PROBLEM.
In the records below, some lines hold the word "shows". Copy each of those lines.

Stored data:

BEGIN

lemma fillings_Max_less_Min:
  "u \<in> D \<Longrightarrow> v \<in> D \<Longrightarrow> u \<noteq> v \<Longrightarrow> fst u \<le> fst v \<Longrightarrow> snd u \<le> snd v \<Longrightarrow> Max (S u) < Min (S v)"
  using S unfolding fillings_def mem_Collect_eq by meson

lemma fillings_subset: "S u \<subseteq> {1..N}"
  using fillings_Union fillings_outside by (cases "u \<in> D") auto

lemma fillings_finite: "finite (S u)"
  using fillings_subset by (rule finite_subset) simp

lemma fillings_Min_in: "u \<in> D \<Longrightarrow> Min (S u) \<in> S u"
  using fillings_finite fillings_nonempty by (rule Min_in)

lemma fillings_Max_in: "u \<in> D \<Longrightarrow> Max (S u) \<in> S u"
  using fillings_finite fillings_nonempty by (rule Max_in)

lemma fillings_Min_le: "x \<in> S u \<Longrightarrow> Min (S u) \<le> x"
  using fillings_finite by (rule Min_le)

lemma fillings_le_Max: "x \<in> S u \<Longrightarrow> x \<le> Max (S u)"
  using fillings_finite by (rule Max_ge)

lemma fillings_ex_cell: "x \<in> {1..N} \<Longrightarrow> \<exists>c\<in>D. x \<in> S c"
  using fillings_Union by blast

lemma descents_subset: "descents D S \<subseteq> {1..N}"
proof
  fix x assume "x \<in> descents D S"
  then obtain c where "x \<in> S c"
    using fillings_Min_in unfolding descents_def by blast
  thus "x \<in> {1..N}" using fillings_subset[of c] by blast
qed

end

lemma finite_fillings:
  assumes "finite D" shows "finite (fillings D N)"
proof (rule finite_subset)
  show "fillings D N \<subseteq> {S. \<forall>u. (u \<in> D \<longrightarrow> S u \<in> Pow {1..N}) \<and> (u \<notin> D \<longrightarrow> S u = {})}"
    using fillings_subset fillings_outside by blast
  show "finite {S. \<forall>u. (u \<in> D \<longrightarrow> S u \<in> Pow {1..N}) \<and> (u \<notin> D \<longrightarrow> S u = ({}::nat set))}"
    using assms by (intro finite_set_of_finite_funs) auto
qed

lemma descents_nonminI: "c \<in> D \<Longrightarrow> x \<in> S c \<Longrightarrow> x \<noteq> Min (S c) \<Longrightarrow> x \<in> descents D S"
  unfolding descents_def by blast

lemma descents_rowI:
  "c \<in> D \<Longrightarrow> c' \<in> D \<Longrightarrow> Suc (Min (S c)) = Min (S c') \<Longrightarrow> fst c' < fst c \<Longrightarrow> Min (S c) \<in> descents D S"
  unfolding descents_def by blast

definition fillings_within :: "(nat \<times> nat) set \<Rightarrow> nat \<Rightarrow> nat set \<Rightarrow> ((nat \<times> nat) \<Rightarrow> nat set) set" where
  "fillings_within D N Y = {S \<in> fillings D N. descents D S \<subseteq> Y}"

lemma fillings_within_zero: "fillings_within D 0 Y = (if D = {} then {\<lambda>_. {}} else {})"
proof (cases "D = {}")
  case True
  have "fillings {} 0 = {\<lambda>_. {}}"
    by (auto intro: fillingsI dest: fillings_outside)
  thus ?thesis using True by (simp add: fillings_within_def descents_def)
next
  case False
  have "fillings D 0 = {}"
    using False fillings_nonempty fillings_subset by fastforce
  thus ?thesis using False by (simp add: fillings_within_def)
qed

definition cell_of :: "(nat \<times> nat) set \<Rightarrow> ((nat \<times> nat) \<Rightarrow> nat set) \<Rightarrow> nat \<Rightarrow> nat \<times> nat" where
  "cell_of D S x = (THE c. c \<in> D \<and> x \<in> S c)"

lemma cell_of_eq: "S \<in> fillings D N \<Longrightarrow> c \<in> D \<Longrightarrow> x \<in> S c \<Longrightarrow> cell_of D S x = c"
  unfolding cell_of_def by (blast intro: the_equality dest: fillings_cell_unique)

lemma cell_of_in:
  assumes "S \<in> fillings D N" "x \<in> {1..N}"
  shows "cell_of D S x \<in> D" "x \<in> S (cell_of D S x)"
  using fillings_ex_cell[OF assms] cell_of_eq[OF assms(1)] by auto

section \<open>Fillings whose largest entry is not the minimum of its cell\<close>

definition maximal_cells :: "(nat \<times> nat) set \<Rightarrow> (nat \<times> nat) set" where
  "maximal_cells D = {c\<in>D. \<forall>v\<in>D. fst c \<le> fst v \<and> snd c \<le> snd v \<longrightarrow> v = c}"

definition top_is_Min :: "(nat \<times> nat) set \<Rightarrow> nat \<Rightarrow> ((nat \<times> nat) \<Rightarrow> nat set) \<Rightarrow> bool" where
  "top_is_Min D N S \<longleftrightarrow> (\<forall>c\<in>D. N \<in> S c \<longrightarrow> Min (S c) = N)"

lemma Min_insert_top:
  assumes S': "S' \<in> fillings D M" and cD: "c \<in> D"
  shows "Min ((S'(c := insert (Suc M) (S' c))) u) = Min (S' u)"
proof -
  have "Min (S' c) < Suc M" using fillings_Min_in[OF S' cD] fillings_subset[OF S', of c] by fastforce
  moreover have "Min (insert (Suc M) (S' c)) = min (Suc M) (Min (S' c))"
    using fillings_finite[OF S'] fillings_nonempty[OF S' cD] by (rule Min_insert)
  ultimately show ?thesis by (cases "u = c") simp_all
qed

context
  fixes S' D M c
  assumes S': "S' \<in> fillings D M" and c: "c \<in> maximal_cells D"
begin

private abbreviation "S_ext \<equiv> S'(c := insert (Suc M) (S' c))"

lemma fillings_insert_top: "S'(c := insert (Suc M) (S' c)) \<in> fillings D (Suc M)"
proof (rule fillingsI)
  have cD: "c \<in> D" and c_max: "\<And>v. v \<in> D \<Longrightarrow> fst c \<le> fst v \<Longrightarrow> snd c \<le> snd v \<Longrightarrow> v = c"
    using c by (auto simp: maximal_cells_def)
  have new: "Suc M \<notin> S' u" for u using fillings_subset[OF S', of u] by auto
  show "S_ext u = {}" if "u \<notin> D" for u using that cD fillings_outside[OF S'] by auto
  show "S_ext u \<noteq> {}" if "u \<in> D" for u using that fillings_nonempty[OF S'] by auto
  show "S_ext u \<inter> S_ext v = {}" if "u \<in> D" "v \<in> D" "u \<noteq> v" for u v
    using that new by (auto dest: fillings_cell_unique[OF S'])
  have "(\<Union>u\<in>D. S_ext u) = insert (Suc M) (\<Union>u\<in>D. S' u)"
    using cD unfolding UNION_fun_upd by auto
  thus "(\<Union>u\<in>D. S_ext u) = {1..Suc M}"
    using fillings_Union[OF S'] by (simp add: atLeastAtMostSuc_conv)
  show "Max (S_ext u) < Min (S_ext v)" if "u \<in> D" "v \<in> D" "u \<noteq> v" "fst u \<le> fst v" "snd u \<le> snd v" for u v
  proof -
    have "u \<noteq> c" using that c_max[of v] by auto
    thus ?thesis using fillings_Max_less_Min[OF S' that] Min_insert_top[OF S' cD, of v] by simp
  qed
qed

lemma descents_insert_top: "descents D (S'(c := insert (Suc M) (S' c))) = insert (Suc M) (descents D S')"
proof -
  have cD: "c \<in> D" using c by (simp add: maximal_cells_def)
  have new: "Suc M \<noteq> Min (S' c)"
    using fillings_subset[OF S', of c] fillings_Min_in[OF S' cD] by auto
  have "x \<in> S_ext u \<longleftrightarrow> x \<in> S' u \<or> (u = c \<and> x = Suc M)" for u x by auto
  hence "{x. \<exists>u\<in>D. x \<in> S_ext u \<and> x \<noteq> Min (S' u)}
      = insert (Suc M) {x. \<exists>u\<in>D. x \<in> S' u \<and> x \<noteq> Min (S' u)}"
    using cD new by auto
  thus ?thesis unfolding descents_def Min_insert_top[OF S' cD] by (simp only: Un_insert_left)
qed

end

END

ANSWER TO THE EXERCISE.
  assumes "finite D" shows "finite (fillings D N)"
  shows "cell_of D S x \<in> D" "x \<in> S (cell_of D S x)"
  shows "Min ((S'(c := insert (Suc M) (S' c))) u) = Min (S' u)"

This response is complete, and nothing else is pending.